Python: if/else statement vs dictionary

Chuan-Yen Chiang
2 min readApr 5, 2018

One day, my friend posted a message on his Plurk about coding style of if/else statement. The story is, he wants to know how elegant to use “if/else” instead of use “if/else if/else” statement. For example, if we want to implement different operator based on specific element of JSON file.

Here is the json file looks like.
{
"ops": "add",
"value_1": 1,
"value_2": 2
},
{
"ops": "sub",
"value_1": 1,
"value_2": 2
},
{
"ops": "mul",
"value_1": 1,
"value_2": 2
},
{
"ops": "div",
"value_1": 1,
"value_2": 2
}

Here is the original code style of my friend.

if data["ops"] == "add":
ans = data["value_1"] + data["value_2"]
elif data["ops"] == "sub":
ans = data["value_1"] - data["value_2"]
elif data["ops"] == "mul":
ans = data["value_1"] * data["value_2"]
elif data["ops"] == "div":
ans = data["value_1"] / data["value_2"]
else:
# pass

And I have different opinion of that code. I think the “elif” is a little bit “ugly” why don’t you just use “if” statement? Because we only need to deal with the operation we have provided. So, the code looks like this.

if data["ops"] == "add":
ans = data["value_1"] + data["value_2"]
if data["ops"] == "sub":
ans = data["value_1"] - data["value_2"]
if data["ops"] == "mul":
ans = data["value_1"] * data["value_2"]
if data["ops"] == "div":
ans = data["value_1"] / data["value_2"]

But, after a while, I came out with different idea, why do I just use lambda and dictionary to create a key-value map for the specific operator? So, the code looks like this.

operators = {
"add": lambda x: x["value_1"] + x["value_2"],
"sub": lambda x: x["value_1"] - x["value_2"],
"mul": lambda x: x["value_1"] * x["value_2"],
"div": lambda x: x["value_1"] / x["value_2"]
}
ans = operators[data["ops"]](data)

After I provided my new idea to my friend and he says how about the else part? What if the data contains the operator that doesn’t existed in “ops” element? Yes, my code will failed. And I said, use try/except to catch exceptions and deal with that.

try:
ans = operators[data["ops"]](data)
except KeyError:
print("ops: {ops} not support".format(ops=data["ops"]))

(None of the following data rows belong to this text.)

lemma st_mul_left: "st (mul x y) z = st x (st y z)"
  using st_zinbiel by (simp add: zinbiel_iff_left_mult_rep[OF st_bilin] mul_def)

lemma ci_brk_left: "ci (brk x y) z = ci x (ci y z) - ci y (ci x z)"
  using ci_pre_lie by (simp add: pre_lie_iff_left_mult_rep[OF ci_bilin] brk_def)

lemma mul_comm_assoc: "comm_assoc_alg vsc mul"
  using zinbiel_comm_assoc_alg[OF st_zinbiel] by (simp add: mul_def[abs_def])

lemma brk_lie: "lie_alg vsc brk"
  using pre_lie_lie_alg[OF ci_pre_lie] by (simp add: brk_def[abs_def])

lemma mul_brk_transposed_poisson: "transposed_poisson vsc mul brk"
proof -
  have "mul z (brk x y) + mul z (brk x y) - (brk (mul z x) y + brk x (mul z y)) = 0" for x y z
    using transposed_poisson_defect[where m = mul and br = brk and st = st and ci = ci and x = x
        and y = y and z = z, OF st_bilin ci_bilin mul_def brk_def first_compatibility
        second_compatibility]
    by (simp add: third_compatibility)
  then show ?thesis
    by (simp add: transposed_poisson_def mul_comm_assoc brk_lie)
qed

lemma mul_bilin: "bilin_op vsc mul"
  and mul_comm: "mul x y = mul y x"
  and mul_assoc: "mul (mul x y) z = mul x (mul y z)"
  using mul_comm_assoc unfolding comm_assoc_alg_def by blast+

lemma brk_bilin: "bilin_op vsc brk"
  and brk_alt: "brk x x = 0"
  and brk_jacobi: "brk x (brk y z) + brk y (brk z x) + brk z (brk x y) = 0"
  using brk_lie unfolding lie_alg_def by blast+

lemmas mul_brk_simps = bilin_op_simps[OF mul_bilin] bilin_op_simps[OF brk_bilin]

lemmas scale_simps = lin_map_scale[OF bilin_op_left[OF st_bilin]] lin_map_scale[OF bilin_op_right[OF st_bilin]]
  lin_map_scale[OF bilin_op_left[OF ci_bilin]] lin_map_scale[OF bilin_op_right[OF ci_bilin]]
  lin_map_scale[OF bilin_op_left[OF mul_bilin]] lin_map_scale[OF bilin_op_right[OF mul_bilin]]
  lin_map_scale[OF bilin_op_left[OF brk_bilin]] lin_map_scale[OF bilin_op_right[OF brk_bilin]]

But, how about we really want to add if/else statement into our code, said my friend. Well, let’s do it!

if data["ops"] in operators.keys():
ans = operators[data["ops"]](data)
else:
print("ops: {ops} not support".format(ops=data["ops"]))

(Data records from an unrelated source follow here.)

(* Let $B$ be a finite Blaschke product of degree $n=p_1p_2\cdots p_m$ (with integers $p_i\ge 2$) having exactly one critical value. Then for every permutation $\sigma$ of $\{1,\dots,m\}$ there exist finite Blaschke products $B_1,\dots,B_m$ with $\deg B_j=p_{\sigma(j)}$ such that $B=B_1\circ B_2\circ\cdots\circ B_m$.
   Context: A finite Blaschke product of degree $d$ is $B(z)=\gamma\prod_{j=1}^d \frac{z-a_j}{1-\overline{a_j}z}$ with $a_j\in\mathbb{D}$ and $|\gamma|=1$. The set of critical values of $B$ is $\{w\in\mathbb{D}: w=B(z)\text{ for some } z\in\mathbb{D} \text{ with } B'(z)=0\}$. *)

theory Defs
  imports "HOL-Analysis.Analysis" "HOL-Combinatorics.Permutations"
begin

definition blaschke :: "complex \<Rightarrow> complex list \<Rightarrow> complex \<Rightarrow> complex" where
  "blaschke \<gamma> as z = \<gamma> * (\<Prod>a\<leftarrow>as. (z - a) / (1 - cnj a * z))"

definition is_blaschke :: "(complex \<Rightarrow> complex) \<Rightarrow> nat \<Rightarrow> bool" where
  "is_blaschke B d \<longleftrightarrow> (\<exists>\<gamma> as. norm \<gamma> = 1 \<and> length as = d \<and> set as \<subseteq> ball 0 1 \<and>
      (\<forall>z\<in>ball 0 1. B z = blaschke \<gamma> as z))"

definition critical_values :: "(complex \<Rightarrow> complex) \<Rightarrow> complex set" where
  "critical_values B = {w \<in> ball 0 1. \<exists>z\<in>ball 0 1. deriv B z = 0 \<and> w = B z}"

definition compose_list :: "(complex \<Rightarrow> complex) list \<Rightarrow> complex \<Rightarrow> complex" where
  "compose_list fs = foldr (\<circ>) fs id"

end

theory Submission
  imports Defs "HOL-Complex_Analysis.Riemann_Mapping"
    "HOL-Computational_Algebra.Fundamental_Theorem_Algebra"
begin

text \<open>Let \<open>w\<close> be the critical value and \<open>n = (\<Prod>i<m. p i)\<close> the degree of \<open>B\<close>.
  Composing \<open>B\<close> with the disc automorphism \<open>u \<mapsto> (u - w) / (1 - cnj w * u)\<close> gives a
  Blaschke product \<open>G\<close> of degree \<open>n\<close> whose critical points in the disc are all zeros of \<open>G\<close>.
  Such a \<open>G\<close> has a single distinct zero. Clearing denominators in the logarithmic derivative
  \<open>G'/G = (\<Sum>a. (1 - norm a^2) / ((z - a) * (1 - cnj a * z)))\<close> gives a polynomial \<open>R\<close> that
  does not vanish at the zeros of \<open>G\<close>, nor elsewhere in the disc (there are no other critical
  points), nor on the unit circle (where \<open>z * G'/G\<close> is a positive real), nor outside the closed
  disc, because \<open>R z = z^k * cnj (R (1 / cnj z))\<close> with \<open>k = 2 * (d - 1)\<close> for \<open>d\<close> distinct
  zeros. So \<open>R\<close> is constant, which forces \<open>k = 0\<close>.
  Hence \<open>B\<close> is the inverse automorphism applied to \<open>\<gamma> * b\<^sub>a^n\<close> for a single Blaschke factor
  \<open>b\<^sub>a\<close>, and \<open>u^n\<close> is the composition of the powers \<open>u^(p (\<sigma> j))\<close> in any order; the outer
  automorphism is absorbed into the first factor and \<open>b\<^sub>a\<close> into the last. For \<open>m = 0\<close> the
  degree is 1 and \<open>B\<close> has no critical points at all.\<close>

section \<open>Blaschke factors\<close>

definition blaschke_factor :: "complex \<Rightarrow> complex \<Rightarrow> complex" where
  "blaschke_factor a z = (z - a) / (1 - cnj a * z)"

lemma blaschke_factor_eq_Moebius_function: "blaschke_factor a = Moebius_function 0 a"
  by (simp add: fun_eq_iff blaschke_factor_def Moebius_function_simple)

lemma blaschke_Nil: "blaschke g [] = (\<lambda>_. g)"
  by (simp add: fun_eq_iff blaschke_def)

lemma blaschke_Cons: "blaschke g (a # as) z = blaschke_factor a z * blaschke g as z"
  by (simp add: blaschke_def blaschke_factor_def mult_ac)

lemma blaschke_replicate: "blaschke g (replicate n a) z = g * blaschke_factor a z ^ n"
  by (simp add: blaschke_def blaschke_factor_def map_replicate_const prod_list_replicate)

lemma norm_blaschke_factor_identity:
  "norm (1 - cnj a * z)^2 - norm (z - a)^2 = (1 - norm a^2) * (1 - norm z^2)"
proof -
  have "complex_of_real (norm (1 - cnj a * z)^2 - norm (z - a)^2)
      = complex_of_real ((1 - norm a^2) * (1 - norm z^2))"
    by (simp only: of_real_diff of_real_mult of_real_1 complex_norm_square complex_cnj_diff
        complex_cnj_mult complex_cnj_cnj complex_cnj_one) (simp add: algebra_simps)
  then show ?thesis
    using of_real_eq_iff by blast
qed

lemma blaschke_factor_denom_nonzero:
  assumes "norm a < 1" "norm z \<le> 1"
  shows "1 - cnj a * z \<noteq> 0"
proof -
  have "norm a * norm z \<le> norm a"
    using assms by (simp add: mult_left_le)
  then have "norm (cnj a * z) < 1"
    using assms by (simp add: norm_mult)
  then show ?thesis
    by auto
qed

lemma norm_blaschke_factor_denom_le:
  assumes "norm a < 1" "1 \<le> norm z"
  shows "norm (1 - cnj a * z) \<le> norm (z - a)"
proof -
  have "(1 - norm a^2) * (1 - norm z^2) \<le> 0"
  proof (rule mult_nonneg_nonpos)
    show "0 \<le> 1 - norm a^2"
      using power_mono[of "norm a" 1 2] assms(1) by simp
    show "1 - norm z^2 \<le> 0"
      using one_le_power[OF assms(2), of 2] by simp
  qed
  then have "norm (1 - cnj a * z)^2 \<le> norm (z - a)^2"
    using norm_blaschke_factor_identity[of a z] by linarith
  then show ?thesis
    by (rule power2_le_imp_le) simp
qed

lemma one_minus_cnj_mult_self: "1 - cnj a * a = of_real (1 - norm a^2)"
  using complex_norm_square[of a] by (simp add: mult.commute)

lemma one_minus_cnj_mult_self_nonzero:
  assumes "norm a < 1"
  shows "1 - cnj a * a \<noteq> 0"
proof -
  have "norm (cnj a * a) < 1"
    using assms by (simp add: norm_mult abs_square_less_1 power2_eq_square[symmetric])
  then show ?thesis
    by auto
qed

lemma norm_blaschke_factor_less_1:
  "norm a < 1 \<Longrightarrow> norm z < 1 \<Longrightarrow> norm (blaschke_factor a z) < 1"
  by (simp add: blaschke_factor_eq_Moebius_function Moebius_function_norm_lt_1)

lemma blaschke_factor_inverse:
  "norm c < 1 \<Longrightarrow> norm w < 1 \<Longrightarrow> blaschke_factor (- c) (blaschke_factor c w) = w"
  by (simp add: blaschke_factor_eq_Moebius_function Moebius_function_compose)

lemma has_field_derivative_blaschke_factor:
  assumes "1 - cnj a * z \<noteq> 0"
  shows "(blaschke_factor a has_field_derivative (1 - cnj a * a) / (1 - cnj a * z)^2) (at z)"
proof -
  have "((\<lambda>z. (z - a) / (1 - cnj a * z)) has_field_derivative
      (1 * (1 - cnj a * z) - (z - a) * (- cnj a)) / ((1 - cnj a * z) * (1 - cnj a * z))) (at z)"
    using assms by (intro DERIV_divide) (auto intro!: derivative_eq_intros)
  then show ?thesis
    unfolding blaschke_factor_def by (simp add: power2_eq_square algebra_simps)
qed

lemma blaschke_factor_deriv_nonzero:
  "norm a < 1 \<Longrightarrow> norm z \<le> 1 \<Longrightarrow> (1 - cnj a * a) / (1 - cnj a * z)^2 \<noteq> 0"
  using one_minus_cnj_mult_self_nonzero blaschke_factor_denom_nonzero by simp

lemma norm_blaschke_le_1:
  assumes "norm g = 1" "set as \<subseteq> ball 0 1" "norm z < 1"
  shows "norm (blaschke g as z) \<le> 1"
  using assms(2)
proof (induction as)
  case (Cons a as)
  then show ?case
    using norm_blaschke_factor_less_1[of a z] assms(3)
    by (auto simp: blaschke_Cons norm_mult intro!: mult_le_one)
qed (simp add: blaschke_def assms(1))

lemma norm_blaschke_less_1:
  assumes "norm g = 1" "set as \<subseteq> ball 0 1" "as \<noteq> []" "norm z < 1"
  shows "norm (blaschke g as z) < 1"
proof -
  obtain a bs where as: "as = a # bs"
    using assms(3) by (cases as) auto
  have "norm (blaschke_factor a z) < 1" "norm (blaschke g bs z) \<le> 1"
    using assms norm_blaschke_factor_less_1[of a z] norm_blaschke_le_1[of g bs z] by (auto simp: as)
  then have "norm (blaschke_factor a z) * norm (blaschke g bs z) < 1"
    by (meson le_less_trans mult_left_le norm_ge_zero)
  then show ?thesis
    by (simp add: as blaschke_Cons norm_mult)
qed

lemma blaschke_holomorphic: "set as \<subseteq> ball 0 1 \<Longrightarrow> blaschke g as holomorphic_on ball 0 1"
proof (induction as)
  case (Cons a as)
  have "blaschke_factor a holomorphic_on ball 0 1"
    using Cons.prems by (simp add: blaschke_factor_eq_Moebius_function Moebius_function_holomorphic)
  then show ?case
    using Cons by (simp add: blaschke_Cons holomorphic_on_mult)
qed (simp add: blaschke_Nil)

section \<open>The critical polynomial of a Blaschke product\<close>

lemma blaschke_nonzero:
  assumes "g \<noteq> 0" "set as \<subseteq> ball 0 1" "norm z < 1" "z \<notin> set as"
  shows "blaschke g as z \<noteq> 0"
  using assms blaschke_factor_denom_nonzero[of _ z]
  by (auto simp: blaschke_def prod_list_zero_iff)

definition blaschke_logderiv :: "complex list \<Rightarrow> complex \<Rightarrow> complex" where
  "blaschke_logderiv as z = (\<Sum>a\<leftarrow>as. (1 - cnj a * a) / ((z - a) * (1 - cnj a * z)))"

Let’s compare the performance of those implementation! Code is available in github.

time_if_else_statement: 22.46713638305664 ms
time_if_elif_statement: 17.323017120361328 ms
time_try_except_dict_func_statement: 24.687767028808594 ms
time_if_else_dict_func_statement: 28.36775779724121 ms

The results are kind of blow up my mind. The if/elif statement is much faster than other else when we set amount of test case into 50000. It’s kind of trade-off between performance and readable code. For me? I will choose try_except_dict_func_statement for my code of similar situation. Easy to understand and maintain.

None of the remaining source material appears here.